The records below are to be duplicated exactly as they appear.

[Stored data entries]
# # # #

(* Let $a_1,a_2,\gamma_1,\zeta\in\mathbb R$ with $a_1,a_2\neq0$, $|a_1|\neq|a_2|$, and consider the equation $\mathcal Q_+=0$ with coefficients $\alpha_1=\beta_1=\dfrac{(a_1+a_2)\gamma_1}{2a_1}$, $\alpha_2=\beta_2=0$, $\gamma_2=\dfrac{a_2\gamma_1}{a_1}$, $\xi_1=\xi_2=\dfrac{3(a_1+a_2)\gamma_1^2}{8a_1^2}$, $\xi_3=\xi_4=\dfrac{(a_1-a_2)\gamma_1^2}{8a_1^2}$. This equation can be linearized by a real Möbius transformation $u_{n,m}=\dfrac{\alpha v_{n,m}+\beta}{\gamma v_{n,m}+\delta}$ (applied simultaneously at all lattice points, $\alpha\delta-\beta\gamma\neq0$) into the linear equation $$v_{n,m}+v_{n+1,m+1}+\frac{a_2}{a_1}\big(v_{n+1,m}+v_{n,m+1}\big)=0$$ if and only if $\zeta=\dfrac{(a_1+a_2)\gamma_1^3}{4a_1^3}$. In that case a linearizing transformation is given by $\beta=0$, $\gamma=-\dfrac{\alpha\gamma_1}{2a_1}$ (with $\alpha,\delta\neq0$ arbitrary).
   Context: Let $u:\mathbb Z^2\to\mathbb R$. The equation $\mathcal Q_+=0$ is $a_1(u_{n,m}+u_{n+1,m+1})+a_2(u_{n+1,m}+u_{n,m+1})+(\alpha_1-\alpha_2)u_{n,m}u_{n+1,m}+(\alpha_1+\alpha_2)u_{n,m+1}u_{n+1,m+1}+(\beta_1-\beta_2)u_{n,m}u_{n,m+1}+(\beta_1+\beta_2)u_{n+1,m}u_{n+1,m+1}+\gamma_1u_{n,m}u_{n+1,m+1}+\gamma_2u_{n+1,m}u_{n,m+1}+(\xi_1-\xi_3)u_{n,m}u_{n+1,m}u_{n,m+1}+(\xi_1+\xi_3)u_{n,m}u_{n+1,m}u_{n+1,m+1}+(\xi_2-\xi_4)u_{n+1,m}u_{n,m+1}u_{n+1,m+1}+(\xi_2+\xi_4)u_{n,m}u_{n,m+1}u_{n+1,m+1}+\zeta u_{n,m}u_{n+1,m}u_{n,m+1}u_{n+1,m+1}=0$. "Linearized by the Möbius transformation into the linear equation" means: substituting $u_{k,l}=(\alpha v_{k,l}+\beta)/(\gamma v_{k,l}+\delta)$ for the four lattice values and multiplying by the product of the four denominators yields a nonzero constant multiple of the stated linear equation in $v$. *)

theory Defs
  imports Complex_Main
begin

# # # #

* _Answer box_:
(* Let $a_1,a_2,\gamma_1,\zeta\in\mathbb R$ with $a_1,a_2\neq0$, $|a_1|\neq|a_2|$, and consider the equation $\mathcal Q_+=0$ with coefficients $\alpha_1=\beta_1=\dfrac{(a_1+a_2)\gamma_1}{2a_1}$, $\alpha_2=\beta_2=0$, $\gamma_2=\dfrac{a_2\gamma_1}{a_1}$, $\xi_1=\xi_2=\dfrac{3(a_1+a_2)\gamma_1^2}{8a_1^2}$, $\xi_3=\xi_4=\dfrac{(a_1-a_2)\gamma_1^2}{8a_1^2}$. This equation can be linearized by a real Möbius transformation $u_{n,m}=\dfrac{\alpha v_{n,m}+\beta}{\gamma v_{n,m}+\delta}$ (applied simultaneously at all lattice points, $\alpha\delta-\beta\gamma\neq0$) into the linear equation $$v_{n,m}+v_{n+1,m+1}+\frac{a_2}{a_1}\big(v_{n+1,m}+v_{n,m+1}\big)=0$$ if and only if $\zeta=\dfrac{(a_1+a_2)\gamma_1^3}{4a_1^3}$. In that case a linearizing transformation is given by $\beta=0$, $\gamma=-\dfrac{\alpha\gamma_1}{2a_1}$ (with $\alpha,\delta\neq0$ arbitrary).
   Context: Let $u:\mathbb Z^2\to\mathbb R$. The equation $\mathcal Q_+=0$ is $a_1(u_{n,m}+u_{n+1,m+1})+a_2(u_{n+1,m}+u_{n,m+1})+(\alpha_1-\alpha_2)u_{n,m}u_{n+1,m}+(\alpha_1+\alpha_2)u_{n,m+1}u_{n+1,m+1}+(\beta_1-\beta_2)u_{n,m}u_{n,m+1}+(\beta_1+\beta_2)u_{n+1,m}u_{n+1,m+1}+\gamma_1u_{n,m}u_{n+1,m+1}+\gamma_2u_{n+1,m}u_{n,m+1}+(\xi_1-\xi_3)u_{n,m}u_{n+1,m}u_{n,m+1}+(\xi_1+\xi_3)u_{n,m}u_{n+1,m}u_{n+1,m+1}+(\xi_2-\xi_4)u_{n+1,m}u_{n,m+1}u_{n+1,m+1}+(\xi_2+\xi_4)u_{n,m}u_{n,m+1}u_{n+1,m+1}+\zeta u_{n,m}u_{n+1,m}u_{n,m+1}u_{n+1,m+1}=0$. "Linearized by the Möbius transformation into the linear equation" means: substituting $u_{k,l}=(\alpha v_{k,l}+\beta)/(\gamma v_{k,l}+\delta)$ for the four lattice values and multiplying by the product of the four denominators yields a nonzero constant multiple of the stated linear equation in $v$. *)

theory Defs
  imports Complex_Main
begin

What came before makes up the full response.